lemma Jacobi_iff_explicit_along_geodesic:
  fixes c \<xi> :: "real \<Rightarrow> 'n::finite mat"
  assumes "c differentiable at t" "vd c differentiable at t"
    and "\<xi> differentiable at t" "vd \<xi> differentiable at t"
    and inv: "invertible (c t)"
    and "vd (vd c) t = Gam (c t) (vd c t) (vd c t)"
  shows "cov c (cov c \<xi>) t = Rm (c t) (\<xi> t) (vd c t) (vd c t) \<longleftrightarrow>
    (let G = c t; Gi = matrix_inv (c t); Gt = vd c t; X = \<xi> t; Xt = vd \<xi> t
     in vd (vd \<xi>) t =
          - (Gt ** Gi ** X ** Gi ** Gt) + Gt ** Gi ** Xt + Xt ** Gi ** Gt
        + (1/2 * trace (Gi ** Gt ** Gi ** Xt)) *\<^sub>R G
        - (1/2 * trace (Gi ** Gt ** Gi ** Gt ** Gi ** X)) *\<^sub>R G
        + (1/2 * trace (Gi ** Gt ** Gi ** X)) *\<^sub>R Gt
        - (1/2 * trace (Gi ** Xt)) *\<^sub>R Gt
        + (1/4 * trace (Gi ** Gt ** Gi ** Gt)) *\<^sub>R X
        - (1/2 * trace (Gi ** Gt)) *\<^sub>R Xt)"
proof -
  define Gi where "Gi = matrix_inv (c t)"
  define Gt where "Gt = vd c t"
  define X where "X = \<xi> t"
  have "trace (Gi ** X ** Gi ** Gt ** Gi ** Gt) = trace (Gi ** Gt ** Gi ** Gt ** Gi ** X)"
       "trace (Gi ** Gt ** Gi ** X ** Gi ** Gt) = trace (Gi ** Gt ** Gi ** Gt ** Gi ** X)"
       "trace (Gi ** X ** Gi ** Gt) = trace (Gi ** Gt ** Gi ** X)"
    using trace_mul_sym[of "Gi ** X" "Gi ** Gt ** Gi ** Gt"]
      trace_mul_sym[of "Gi ** Gt ** Gi ** X" "Gi ** Gt"] trace_mul_sym[of "Gi ** X" "Gi ** Gt"]
    by (simp_all add: matrix_mul_assoc)
  \<comment> \<open>algebra_simps turns M + M into the entrywise product M * 2\<close>
  moreover have "M * 2 = 2 *\<^sub>R M" for M :: "'n mat"
    by (simp add: vec_eq_iff)
  ultimately show ?thesis
    unfolding Jacobi_iff_along_geodesic[OF assms] dGam_eq_Gam_variation[OF inv]
    unfolding Gam_variation_def Gam_def Let_def Gi_def[symmetric] Gt_def[symmetric] X_def[symmetric]
    by (simp add: trace_add matrix_mul_assoc algebra_simps scaleR_left_distrib)
qed

lemma smooth_curve_differentiable:
  fixes c :: "real \<Rightarrow> 'a::real_normed_vector"
  assumes smooth: "smooth_curve I c" and I: "open I" "t \<in> I"
  shows "c differentiable at t" "vd c differentiable at t"
proof -
  obtain D where D0: "D 0 = c" and D: "\<And>k s. s \<in> I \<Longrightarrow> (D k has_vector_derivative D (Suc k) s) (at s)"
    using smooth unfolding smooth_curve_def by blast
  have "D 1 s = vd c s" if "s \<in> I" for s
    using D[OF that, of 0] D0 by (simp add: vd_def vector_derivative_at)
  then have "(vd c has_vector_derivative D 2 t) (at t)"
    using has_vector_derivative_transform_within_open[OF D[OF I(2), of 1] I]
    by (simp add: numeral_2_eq_2)
  then show "c differentiable at t" "vd c differentiable at t"
    using D[OF I(2), of 0] D0 by (auto simp: differentiable_def has_vector_derivative_def)
qed

theorem lemma4p2:
  fixes g \<xi> :: "real \<Rightarrow> 'm::{second_countable_topology, t2_space} \<Rightarrow> real^'n::finite^'n"
    and I :: "real set"
  assumes I: "open I" "is_interval I"
    and metric: "\<forall>t\<in>I. \<forall>x. pos_def_sym (g t x)"
    and g_smooth: "\<forall>x. smooth_curve I (\<lambda>s. g s x)"
    and g_tangent: "\<forall>t\<in>I. cs_sym_field (\<lambda>x. vd (\<lambda>s. g s x) t)"
    and geodesic: "\<forall>t\<in>I. \<forall>x. vd (vd (\<lambda>s. g s x)) t
                     = Gam (g t x) (vd (\<lambda>s. g s x) t) (vd (\<lambda>s. g s x) t)"
    and xi_smooth: "\<forall>x. smooth_curve I (\<lambda>s. \<xi> s x)"
    and xi_field: "\<forall>t\<in>I. cs_sym_field (\<xi> t)"
  shows "(\<forall>t\<in>I. \<forall>x.
            cov (\<lambda>s. g s x) (cov (\<lambda>s. g s x) (\<lambda>s. \<xi> s x)) t
          = Rm (g t x) (\<xi> t x) (vd (\<lambda>s. g s x) t) (vd (\<lambda>s. g s x) t))
    \<longleftrightarrow>
    (\<forall>t\<in>I. \<forall>x.
      (let G = g t x; Gi = matrix_inv (g t x); Gt = vd (\<lambda>s. g s x) t;
           X = \<xi> t x; Xt = vd (\<lambda>s. \<xi> s x) t
       in vd (vd (\<lambda>s. \<xi> s x)) t =
            - (Gt ** Gi ** X ** Gi ** Gt) + Gt ** Gi ** Xt + Xt ** Gi ** Gt
          + (1/2 * trace (Gi ** Gt ** Gi ** Xt)) *\<^sub>R G
          - (1/2 * trace (Gi ** Gt ** Gi ** Gt ** Gi ** X)) *\<^sub>R G
          + (1/2 * trace (Gi ** Gt ** Gi ** X)) *\<^sub>R Gt
          - (1/2 * trace (Gi ** Xt)) *\<^sub>R Gt
          + (1/4 * trace (Gi ** Gt ** Gi ** Gt)) *\<^sub>R X
          - (1/2 * trace (Gi ** Gt)) *\<^sub>R Xt))"
proof -
  have "invertible (g t x)" if "t \<in> I" for t x
    using metric that pos_def_sym_invertible by blast
  then show ?thesis
    using Jacobi_iff_explicit_along_geodesic[OF
        smooth_curve_differentiable[OF g_smooth[rule_format] I(1)]
        smooth_curve_differentiable[OF xi_smooth[rule_format] I(1)] _ geodesic[rule_format]]
    by blast
qed

end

__What to work on__.
All lines with the word "define" must be located in the data and copied.

__Reply to the exercise__.
  define Gi where "Gi = matrix_inv (c t)"
  define Gt where "Gt = vd c t"
  define X where "X = \<xi> t"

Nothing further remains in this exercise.